There's also the new Gemini Flash 8B which is cheaper still, and the "8B" in the name suggests that the parameter count may be low enough that it could run on a laptop if they ever released the weights (I run open 8B models locally all the time)

th0ma5

@simon great documentation ... Any details on accuracy? How much did you have to clean up the output and did you have to check it all by hand?

Simon Willison

@th0ma5 I checked it all, didn't take long (I watched the 35s video and scanned the JSON) - it was exactly correct

Phil Gyford

@simon Is it also possible to calculate how much energy these things use, and some comparisons of what that's equivalent to?
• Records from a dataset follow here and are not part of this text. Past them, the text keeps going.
(* Let $X$ be an infinite-dimensional real normed linear space with zero $\theta$ whose norm is strictly convex. Then for every $m\in\mathbb{N}$ and every $E$ with $B(\theta,1)\subseteq E\subseteq\overline{B}(\theta,1)$ and $E=\bigcup_{i=1}^m A_i$, where $A_i\cong A_j$ for all $i,j$, either $\theta\in\bigcap_{i=1}^m\mathrm{Int}\,A_i$ or $\theta\notin\bigcup_{i=1}^m\mathrm{Int}\,A_i$.
   Context: $B(\theta,1)=\{x:\|x\|<1\}$, $\overline{B}(\theta,1)=\{x:\|x\|\leqslant1\}$. The norm is strictly convex if for all $x\ne y$ with $\|x\|=\|y\|=1$ and $\lambda\in(0,1)$, $\|\lambda x+(1-\lambda)y\|<1$. Sets $A,B\subseteq X$ are congruent, $A\cong B$, if there is a surjective isometry $f\colon X\to X$ with $f(A)=B$. $\mathrm{Int}\,A$ is the set of $x\in A$ such that some open ball $B(x,\varepsilon)\subseteq A$. *)

theory Defs
  imports "HOL-Analysis.Analysis"
begin

definition infinite_dimensional :: "'a::real_normed_vector itself \<Rightarrow> bool" where
  "infinite_dimensional _ \<longleftrightarrow> \<not> (\<exists>B::'a set. finite B \<and> span B = UNIV)"

definition strictly_convex_norm :: "'a::real_normed_vector itself \<Rightarrow> bool" where
  "strictly_convex_norm _ \<longleftrightarrow>
     (\<forall>x y::'a. \<forall>t::real. x \<noteq> y \<and> norm x = 1 \<and> norm y = 1 \<and> 0 < t \<and> t < 1
        \<longrightarrow> norm (t *\<^sub>R x + (1 - t) *\<^sub>R y) < 1)"

definition congruent_sets :: "'a::real_normed_vector set \<Rightarrow> 'a set \<Rightarrow> bool" where
  "congruent_sets A B \<longleftrightarrow>
     (\<exists>f::'a \<Rightarrow> 'a. surj f \<and> (\<forall>x y. dist (f x) (f y) = dist x y) \<and> f ` A = B)"

end

theory Submission
  imports Defs
begin

text \<open>Suppose \<open>0\<close> is interior to some \<open>A\<^sub>i\<close> but not to \<open>A\<^sub>j\<close>. The isometry carrying \<open>A\<^sub>j\<close>
  onto \<open>A\<^sub>i\<close> sends some \<open>c \<noteq> 0\<close> to \<open>0\<close>, so \<open>A\<^sub>j\<close> lies in the lens
  \<open>cball 0 1 \<inter> cball c 1\<close>, and every piece lies in a congruent lens with distinct centres.
  These finitely many closed lenses would then cover the closed unit ball. By strict convexity a
  point of a lens is at distance less than 1 from the midpoint of its centres, whereas in infinite
  dimensions Riesz's lemma with constant 1 yields a unit vector at distance at least 1 from the
  span of all these midpoints.\<close>

lemma le_infdist:
  assumes "A \<noteq> {}" and "\<And>a. a \<in> A \<Longrightarrow> d \<le> dist x a"
  shows "d \<le> infdist x A"
  unfolding infdist_notempty[OF assms(1)] using assms by (intro cINF_greatest)
(* Consider the multi-task in-context regression setting described in the context (noiseless labels, prompt-augmented linear predictor). Let $\mathbf{W}^\star_{\mathrm{PT}}$ be a minimizer of the plain-training objective $\mathbf{W}\mapsto \mathcal{L}(\mathbf{W},\mathbf{P}=\mathbf{0})$ over $\mathbf{W}\in\mathbb{R}^{d\times d}$, let $\mathcal{L}^\star_{\mathrm{PT}}=\mathcal{L}(\mathbf{W}^\star_{\mathrm{PT}},\mathbf{0})$, and set $\bar{\mathbf{W}}^\star_{\mathrm{PT}}=\boldsymbol{\Sigma}_x\mathbf{W}^\star_{\mathrm{PT}}$. Then \[ \bar{\mathbf{W}}^\star_{\mathrm{PT}}=\tilde{\boldsymbol{\Sigma}}_\beta\left((n+1)\tilde{\boldsymbol{\Sigma}}_\beta+\mathrm{tr}(\tilde{\boldsymbol{\Sigma}}_\beta)\mathbf{I}\right)^{-1},\qquad \mathcal{L}^\star_{\mathrm{PT}}=\mathrm{tr}(\tilde{\boldsymbol{\Sigma}}_\beta)-n\,\mathrm{tr}\!\left(\bar{\mathbf{W}}^\star_{\mathrm{PT}}\tilde{\boldsymbol{\Sigma}}_\beta\right). \]
   Context: Fix integers $n,d,K\ge 1$, a covariance $\boldsymbol{\Sigma}_x\in\mathbb{R}^{d\times d}$, $\boldsymbol{\Sigma}_x\succ 0$, and for each task $k\in[K]$ a mean $\boldsymbol{\mu}_k\in\mathbb{R}^d$, a covariance $\boldsymbol{\Sigma}_{\beta_k}\succ 0$, and a probability $\pi_k\ge 0$ with $\sum_k\pi_k=1$. The data distribution $\mathcal{D}_k$ of task $k$: draw $\boldsymbol{\beta}\sim\mathcal{N}(\boldsymbol{\mu}_k,\boldsymbol{\Sigma}_{\beta_k})$, then independently $\mathbf{x}_1,\dots,\mathbf{x}_{n+1}\sim\mathcal{N}(0,\boldsymbol{\Sigma}_x)$ i.i.d., and set $y_i=\mathbf{x}_i^\top\boldsymbol{\beta}$ (noiseless). Write $\mathbf{X}=[\mathbf{x}_1\ \cdots\ \mathbf{x}_n]^\top\in\mathbb{R}^{n\times d}$, $\mathbf{y}=(y_1,\dots,y_n)^\top$, $\mathbf{x}=\mathbf{x}_{n+1}$, $y=y_{n+1}$. For $\mathbf{W}\in\mathbb{R}^{d\times d}$ and a task-specific prompt vector $\bar{\mathbf{p}}_k\in\mathbb{R}^d$ the predictor for task $k$ is $f=\mathbf{x}^\top\mathbf{W}(\mathbf{X}^\top\mathbf{y}+\bar{\mathbf{p}}_k)$ (this is a one-layer linear attention model with an appended prompt token under a fixed preconditioning parametrization). With $\mathbf{P}=[\bar{\mathbf{p}}_1\ \cdots\ \bar{\mathbf{p}}_K]^\top\in\mathbb{R}^{K\times d}$, the multi-task loss is $\mathcal{L}(\mathbf{W},\mathbf{P})=\sum_{k=1}^K\pi_k\,\mathbb{E}_{\mathcal{D}_k}\big[(\mathbf{x}^\top\mathbf{W}(\mathbf{X}^\top\mathbf{y}+\bar{\mathbf{p}}_k)-y)^2\big]$. Define $\tilde{\boldsymbol{\Sigma}}_\beta=\boldsymbol{\Sigma}_x\sum_{k=1}^K\pi_k(\boldsymbol{\Sigma}_{\beta_k}+\boldsymbol{\mu}_k\boldsymbol{\mu}_k^\top)$ (the "biased" mixed-task covariance). *)

theory Defs
  imports "HOL-Analysis.Analysis" "HOL-Probability.Probability"
begin

definition pos_def_mat :: "real^'d^'d \<Rightarrow> bool" where
  "pos_def_mat S \<longleftrightarrow> transpose S = S \<and> (\<forall>v. v \<noteq> 0 \<longrightarrow> v \<bullet> (S *v v) > 0)"

definition outer :: "real^'d \<Rightarrow> real^'d \<Rightarrow> real^'d^'d" where
  "outer u v = (\<chi> i j. u $ i * v $ j)"

definition gauss_density :: "real^'d \<Rightarrow> real^'d^'d \<Rightarrow> real^'d \<Rightarrow> real" where
  "gauss_density mu S v =
     exp (- (1/2) * ((v - mu) \<bullet> (matrix_inv S *v (v - mu))))
     / sqrt ((2 * pi) ^ CARD('d) * det S)"
lemma VT_converges_uniformly:
  fixes G :: "nat \<Rightarrow> int pmf" and w :: "nat \<Rightarrow> real \<Rightarrow> real"
  assumes lambda_pos: "\<forall>i \<in> {1..N}. \<forall>k::int. \<bar>k\<bar> \<le> int (Smax i) \<longrightarrow> pmf (G i) k > 0"
    and w_cont: "continuous_on {0..1} (w i)" and i: "i \<in> {1..N}" and "0 < \<epsilon>"
  shows "\<forall>\<^sub>F T in sequentially. \<forall>Psi mu. stationary_profile N Smax Lmax Dmax Psi
           \<longrightarrow> (\<forall>j \<in> {1..N}. set_pmf (mu j) \<subseteq> state_set (Smax j))
           \<longrightarrow> \<bar>Vlim N Smax Lmax Dmax G U w v Psi mu i - VT N Smax Lmax Dmax G U w v Psi mu i T\<bar> < \<epsilon>"
proof -
  obtain lam where "0 < lam" and lam: "\<And>j k. j \<in> {1..N} \<Longrightarrow> \<bar>k\<bar> \<le> int (Smax j) \<Longrightarrow> lam \<le> pmf (G j) k"
    using generation_minorant[OF lambda_pos] by blast
  define P where "P = (\<lambda>(Psi, mu). stationary_profile N Smax Lmax Dmax Psi
    \<and> (\<forall>j \<in> {1..N}. set_pmf (mu j) \<subseteq> state_set (Smax j)))"
  define q where "q = (\<lambda>(Psi, mu) t j s a. sa_prob (Smax j) (G j) (Psi j) (mu j) t (s j) (a j))"
  define SS where "SS = PiE {1..N} (\<lambda>j. state_set (Smax j))"
  define AA where "AA = PiE {1..N} (\<lambda>j. action_set (Lmax j) (Dmax j))"
  define V where "V a = v i (U i a)" for a
  define J where "J = {1..N} - {i}"
  define payoff where "payoff p t = prospect_sum SS AA (w i) V i J (q p t)" for p t
  have q_unit: "q p t j s a \<in> {0..1}" for p t j s a
    by (auto simp: q_def sa_prob_def pmf_le_1 split: prod.splits)
  have q_Cauchy: "\<bar>q p t j s a - q p t' j s a\<bar> \<le> 2 * (1 - lam) ^ n0"
    if "P p" "j \<in> {1..N}" "n0 < t" "n0 < t'" for p t t' j s a n0
  proof -
    obtain Psi mu where p: "p = (Psi, mu)" by fastforce
    have mu: "set_pmf (mu j) \<subseteq> {0..Smax j}"
      and Psi: "\<forall>s\<le>Smax j. set_pmf (Psi j s) \<subseteq> admissible (Smax j) (Lmax j) (Dmax j) s"
      using that by (auto simp: p P_def stationary_profile_def state_set_def)
    show ?thesis
      unfolding p q_def using that \<open>0 < lam\<close> lam by (auto intro!: sa_prob_Cauchy[OF mu Psi])
  qed
  obtain B where B: "\<And>q. (\<And>j s a. j \<in> insert i J \<Longrightarrow> q j s a \<in> {0..1})
      \<Longrightarrow> \<bar>prospect_sum SS AA (w i) V i J q\<bar> \<le> B"
    using prospect_sum_bounded[OF w_cont, where i = i and J = J and SS = SS and AA = AA and V = V] by blast
  have "\<bar>payoff p t\<bar> \<le> B" for p t
    unfolding payoff_def by (rule B) (rule q_unit)
  moreover have "\<exists>t0. \<forall>p t t'. P p \<longrightarrow> t0 \<le> t \<longrightarrow> t0 \<le> t' \<longrightarrow> \<bar>payoff p t - payoff p t'\<bar> \<le> \<eta>"
    if "0 < \<eta>" for \<eta>
  proof -
    obtain \<delta> where "0 < \<delta>" and \<delta>: "\<And>q q'. (\<And>j s a. j \<in> insert i J \<Longrightarrow>
        q j s a \<in> {0..1} \<and> q' j s a \<in> {0..1} \<and> \<bar>q j s a - q' j s a\<bar> \<le> \<delta>) \<Longrightarrow>
      \<bar>prospect_sum SS AA (w i) V i J q - prospect_sum SS AA (w i) V i J q'\<bar> \<le> \<eta>"
      using prospect_sum_uniform[OF w_cont \<open>0 < \<eta>\<close>, where i = i and J = J and SS = SS and AA = AA and V = V] by blast
    obtain n0 where "(1 - lam) ^ n0 < \<delta> / 2"
      using real_arch_pow_inv[of "\<delta> / 2" "1 - lam"] \<open>0 < lam\<close> \<open>0 < \<delta>\<close> by auto
    then have "\<bar>payoff p t - payoff p t'\<bar> \<le> \<eta>" if "P p" "Suc n0 \<le> t" "Suc n0 \<le> t'" for p t t'
      unfolding payoff_def
    proof (intro \<delta> conjI q_unit)
      fix j s a assume "j \<in> insert i J"
      then have "j \<in> {1..N}" using i by (auto simp: J_def)
      with that have "\<bar>q p t j s a - q p t' j s a\<bar> \<le> 2 * (1 - lam) ^ n0" by (intro q_Cauchy) auto
      with \<open>(1 - lam) ^ n0 < \<delta> / 2\<close> show "\<bar>q p t j s a - q p t' j s a\<bar> \<le> \<delta>" by linarith
    qed
    then show ?thesis by blast
  qed
  ultimately have "\<forall>\<^sub>F T in sequentially. \<forall>p. P p \<longrightarrow> \<bar>lim (cesaro_mean (payoff p)) - cesaro_mean (payoff p) T\<bar> < \<epsilon>"
    using \<open>0 < \<epsilon>\<close> by (intro uniformly_Cauchy_lim_cesaro_mean)
  moreover have "VT N Smax Lmax Dmax G U w v Psi mu i = cesaro_mean (payoff (Psi, mu))" for Psi mu
    by (simp add: VT_eq_cesaro_mean payoff_def[abs_def] q_def SS_def AA_def V_def[abs_def] J_def)
  ultimately show ?thesis
    by (auto elim!: eventually_mono simp: P_def Vlim_def)
qed
lemma v_minus: "v (- x) = v x"
proof -
  have "v (- 1) ^ 2 = 1"
    using v_mult[of "- 1" "- 1"] by (simp add: v_one power2_eq_square)
  then have "v (- 1) = 1"
    using v_nonneg[of "- 1"] power2_eq_1_iff by force
  then show ?thesis
    using v_mult[of "- 1" x] by simp
qed

lemma v_diff_commute: "v (x - y) = v (y - x)"
  using v_minus[of "y - x"] by simp

lemma v_diff_le: "v (x - y) \<le> max (v x) (v y)"
  using v_add_le[of x "- y"] by (simp add: v_minus)

lemma v_diff_diff_le: "v (x - y - z) \<le> max (v x) (max (v y) (v z))"
  using v_diff_le[of x y] v_diff_le[of "x - y" z] by linarith

lemma v_power: "v (x ^ n) = v x ^ n"
  by (induction n) (simp_all add: v_one v_mult)

lemma v_power_le_1: "v x \<le> 1 \<Longrightarrow> v (x ^ n) \<le> 1"
  by (simp add: v_power v_nonneg power_le_one)

lemma v_of_nat_le_1: "v (of_nat n) \<le> 1"
proof (induction n)
  case 0
  then show ?case by simp
next
  case (Suc n)
  then show ?case
    using v_add_le[of 1 "of_nat n"] by (simp add: v_one)
qed

lemma v_sum_le:
  assumes "finite A" "\<And>k. k \<in> A \<Longrightarrow> v (f k) \<le> B" "B \<ge> 0"
  shows "v (sum f A) \<le> B"
  using assms
proof (induction A rule: finite_induct)
  case empty
  then show ?case by simp
next
  case (insert a A)
  then show ?case
    by (simp add: order_trans[OF v_add_le])
qed
(* Let $X$ be a real Banach space with the Ball Small Combination of Slice Property ($BSCSP$). Then for every separable closed subspace $Y$ of $X$ there exists a separable closed subspace $Z$ of $X$ with $Y\subseteq Z$ such that $Z$ has $BSCSP$.
   Context: For a real Banach space $X$, $B_X$ denotes its closed unit ball and $X^*$ its dual. A slice of a bounded set $C\subseteq X$ is a set $S(C,x^*,\alpha)=\{x\in C: x^*(x)>\sup x^*(C)-\alpha\}$ with $x^*\in X^*$, $\|x^*\|=1$, $\alpha>0$. A convex combination of slices of $C$ is a set $\sum_{i=1}^k \lambda_i S_i=\{\sum_{i=1}^k\lambda_i x_i : x_i\in S_i\}$ where $S_1,\dots,S_k$ are slices of $C$ and $\lambda_i>0$ with $\sum_i\lambda_i=1$. $X$ has the Ball Small Combination of Slice Property ($BSCSP$) if for every $\varepsilon>0$ there is a convex combination of slices of $B_X$ of diameter less than $\varepsilon$. *)

theory Defs
  imports "HOL-Analysis.Analysis"
begin

definition unit_ball_in :: "'a::real_normed_vector set \<Rightarrow> 'a set" where
  "unit_ball_in Z = {x \<in> Z. norm x \<le> 1}"

text \<open>Bounded (continuous) linear functionals on the subspace Z, i.e. elements of Z^*
  (represented by their values on Z).\<close>
definition dual_on :: "'a::real_normed_vector set \<Rightarrow> ('a \<Rightarrow> real) \<Rightarrow> bool" where
  "dual_on Z f \<longleftrightarrow>
     (\<forall>x\<in>Z. \<forall>y\<in>Z. f (x + y) = f x + f y) \<and>
     (\<forall>c. \<forall>x\<in>Z. f (c *\<^sub>R x) = c * f x) \<and>
     (\<exists>K. \<forall>x\<in>Z. \<bar>f x\<bar> \<le> K * norm x)"

definition fnorm_on :: "'a::real_normed_vector set \<Rightarrow> ('a \<Rightarrow> real) \<Rightarrow> real" where
  "fnorm_on Z f = Sup ((\<lambda>x. \<bar>f x\<bar>) ` unit_ball_in Z)"

definition slice :: "'a set \<Rightarrow> ('a \<Rightarrow> real) \<Rightarrow> real \<Rightarrow> 'a set" where
  "slice C f \<alpha> = {x \<in> C. f x > Sup (f ` C) - \<alpha>}"

definition is_ball_slice :: "'a::real_normed_vector set \<Rightarrow> 'a set \<Rightarrow> bool" where
  "is_ball_slice Z S \<longleftrightarrow>
     (\<exists>f \<alpha>. dual_on Z f \<and> fnorm_on Z f = 1 \<and> \<alpha> > 0 \<and> S = slice (unit_ball_in Z) f \<alpha>)"

definition BSCSP_on :: "'a::real_normed_vector set \<Rightarrow> bool" where
  "BSCSP_on Z \<longleftrightarrow>
     (\<forall>\<epsilon>>0. \<exists>(k::nat) (S::nat \<Rightarrow> 'a set) (w::nat \<Rightarrow> real).
        (\<forall>i<k. is_ball_slice Z (S i)) \<and> (\<forall>i<k. w i > 0) \<and> (\<Sum>i<k. w i) = 1 \<and>
        diameter {\<Sum>i<k. w i *\<^sub>R x i | x. \<forall>i<k. x i \<in> S i} < \<epsilon>)"

end

theory Submission
  imports Defs
begin

text \<open>
  BSCSP of \<open>X\<close> provides, for every \<open>n\<close>, a convex combination of slices \<open>S(B\<^sub>X, f, \<alpha>)\<close> of
  diameter \<open>< 1/n\<close>. In each such slice pick a point \<open>p \<in> B\<^sub>X\<close> with \<open>f p > max (1 - \<alpha>) 0\<close>.
  On any subspace \<open>Z\<close> containing \<open>p\<close> the restriction of \<open>f\<close> has norm \<open>t \<in> (max (1 - \<alpha>) 0, 1]\<close>, and the
  slice of \<open>B\<^sub>Z\<close> by \<open>f/t\<close> of depth \<open>(t - 1 + \<alpha>)/t\<close> lies inside the original slice. So the
  closed span of a countable dense subset of \<open>Y\<close> and of these countably many points is a separable
  subspace whose ball has convex combinations of slices inside the small ones of \<open>B\<^sub>X\<close>.
\<close>

lemma subspace_closure_rat_closed:
  fixes R :: "'a::real_normed_vector set"
  assumes zero: "0 \<in> R" and add: "\<And>x y. x \<in> R \<Longrightarrow> y \<in> R \<Longrightarrow> x + y \<in> R"
    and scale: "\<And>q x. q \<in> \<rat> \<Longrightarrow> x \<in> R \<Longrightarrow> q *\<^sub>R x \<in> R"
  shows "subspace (closure R)"
  unfolding subspace_def
proof (intro conjI ballI allI)
  show "0 \<in> closure R" using zero closure_subset by blast
next
  fix x y assume x: "x \<in> closure R" and y: "y \<in> closure R"
  have "(\<lambda>v. r + v) ` closure R \<subseteq> closure R" if "r \<in> R" for r
    by (rule image_closure_subset) (auto intro!: continuous_intros add that closure_subset[THEN subsetD])
  then have "(\<lambda>v. v + y) ` closure R \<subseteq> closure R"
    by (intro image_closure_subset) (use y in \<open>auto intro!: continuous_intros simp: add.commute\<close>)
  then show "x + y \<in> closure R" using x by blast
next
  fix c :: real and x assume x: "x \<in> closure R"
  have "(\<lambda>v. q *\<^sub>R v) ` closure R \<subseteq> closure R" if "q \<in> \<rat>" for q
    by (rule image_closure_subset) (auto intro!: continuous_intros scale that closure_subset[THEN subsetD])
  then have "\<rat> \<subseteq> {c. c *\<^sub>R x \<in> closure R}" using x by blast
  moreover have "closed {c. c *\<^sub>R x \<in> closure R}"
    using continuous_closed_vimage[of "closure R" "\<lambda>c. c *\<^sub>R x"]
    by (auto simp: vimage_def intro!: continuous_intros)
  ultimately have "closure \<rat> \<subseteq> {c. c *\<^sub>R x \<in> closure R}" by (rule closure_minimal)
  then show "c *\<^sub>R x \<in> closure R" using Rats_closure_real by auto
qed

lemma subspace_closure:
  fixes S :: "'a::real_normed_vector set"
  shows "subspace S \<Longrightarrow> subspace (closure S)"
  by (rule subspace_closure_rat_closed) (auto simp: subspace_def)

definition rat_span :: "'a::real_vector set \<Rightarrow> 'a set" where
  "rat_span A = (\<lambda>l. sum_list (map (\<lambda>(q, a). of_rat q *\<^sub>R a) l)) ` lists (UNIV \<times> A)"

lemma countable_rat_span: "countable A \<Longrightarrow> countable (rat_span A)"
  unfolding rat_span_def by (intro countable_image countable_lists) auto

lemma rat_span_superset: "A \<subseteq> rat_span A"
  unfolding rat_span_def by (auto intro!: image_eqI[of _ _ "[(1, a)]" for a])

lemma rat_span_subset_span: "rat_span A \<subseteq> span A"
proof -
  have "sum_list (map (\<lambda>(q, a). of_rat q *\<^sub>R a) l) \<in> span A" if "l \<in> lists (UNIV \<times> A)" for l
    using that by (induction l) (auto simp: span_base span_zero span_add span_scale)
  then show ?thesis unfolding rat_span_def by blast
qed

lemma sum_list_rat_scaleR:
  fixes l :: "(rat \<times> 'a::real_vector) list"
  shows "sum_list (map (\<lambda>(q, a). of_rat q *\<^sub>R a) (map (\<lambda>(q, a). (r * q, a)) l))
    = of_rat r *\<^sub>R sum_list (map (\<lambda>(q, a). of_rat q *\<^sub>R a) l)"
  by (induction l) (auto simp: scaleR_add_right of_rat_mult o_def)

lemma subspace_closure_rat_span:
  fixes A :: "'a::real_normed_vector set"
  shows "subspace (closure (rat_span A))"
proof (rule subspace_closure_rat_closed)
  show "0 \<in> rat_span A" unfolding rat_span_def by (rule image_eqI[of _ _ "[]"]) auto
next
  fix x y assume "x \<in> rat_span A" "y \<in> rat_span A"
  then show "x + y \<in> rat_span A"
    unfolding rat_span_def by (auto intro!: image_eqI[of _ _ "l @ m" for l m])
next
  fix q :: real and x assume "q \<in> \<rat>" "x \<in> rat_span A"
  then obtain r l where "q = of_rat r" "l \<in> lists (UNIV \<times> A)"
    "x = sum_list (map (\<lambda>(q, a). of_rat q *\<^sub>R a) l)"
    unfolding rat_span_def Rats_def by auto
  then show "q *\<^sub>R x \<in> rat_span A" unfolding rat_span_def
    by (intro image_eqI[of _ _ "map (\<lambda>(q, a). (r * q, a)) l"]) (use sum_list_rat_scaleR[of r l] in auto)
qed

lemma separable_space_closure_span:
  fixes C :: "'a::real_normed_vector set"
  assumes "countable C"
  shows "separable_space (top_of_set (closure (span C)))"
proof -
  have "span C \<subseteq> closure (rat_span C)"
    by (rule span_minimal[OF subset_trans[OF rat_span_superset closure_subset] subspace_closure_rat_span])
  then have "closure (span C) \<subseteq> closure (rat_span C)"
    by (simp add: closure_minimal)
  moreover have "rat_span C \<subseteq> closure (span C)"
    using rat_span_subset_span closure_subset by blast
  ultimately show ?thesis
    unfolding separable_space_def using countable_rat_span[OF assms]
    by (intro exI[of _ "rat_span C"]) (auto simp: closure_of_subtopology Int_absorb1 Int_absorb2)
qed

lemma unit_ball_in_0: "subspace Z \<Longrightarrow> 0 \<in> unit_ball_in Z"
  by (simp add: unit_ball_in_def subspace_0)

lemma unit_ball_in_minus: "subspace Z \<Longrightarrow> x \<in> unit_ball_in Z \<Longrightarrow> - x \<in> unit_ball_in Z"
  by (simp add: unit_ball_in_def subspace_neg)

lemma dual_on_subset: "dual_on Z f \<Longrightarrow> Z' \<subseteq> Z \<Longrightarrow> dual_on Z' f"
  unfolding dual_on_def by blast

lemma dual_on_minus: "dual_on Z f \<Longrightarrow> x \<in> Z \<Longrightarrow> f (- x) = - f x"
  unfolding dual_on_def by (metis mult_minus1 scaleR_minus1_left)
I hear that AI is energy intensive but I have zero concept of what that means in reality for a single "thing" like this.

Simon Willison

@philgyford if that's possible I haven't seen anyone do it yet - the industry don't seem to want to talk specifics

GPUs apparently draw a lot more power when they are actively computing than when they are idle, so there's an energy cost associated with running a prompt that wouldn't exist if the hardware was turned on but not doing anything

Simon Willison

Video scraping in Ars Technica! https://arstechnica.com/ai/2024/10/cheap-ai-video-scraping-can-now-extract-data-from-any-screen-recording/

Felix Westphal

@simon @th0ma5 you being surprised that this actually worked tells a lot about the state we're in and afaik with this technology we can never be sure that the result will actually be correct. So if you have to double-check anyways you can just do it yourself manually (or use another non-LLM-tool).

Simon Willison

@superFelix5000 @th0ma5 right - the single hardest thing about learning to productively work with LLMs is figuring out how to get useful results out of inherently unreliable technology

axleyjc

@simon Are you also considering that the low costs are illusory? They are artificially low either because they are subsidized by VC money or in Google's case, advertising revenue. Openai is bleeding $ and not making a profit. Just given the energy and hardware costs, the current prices are unsustainable.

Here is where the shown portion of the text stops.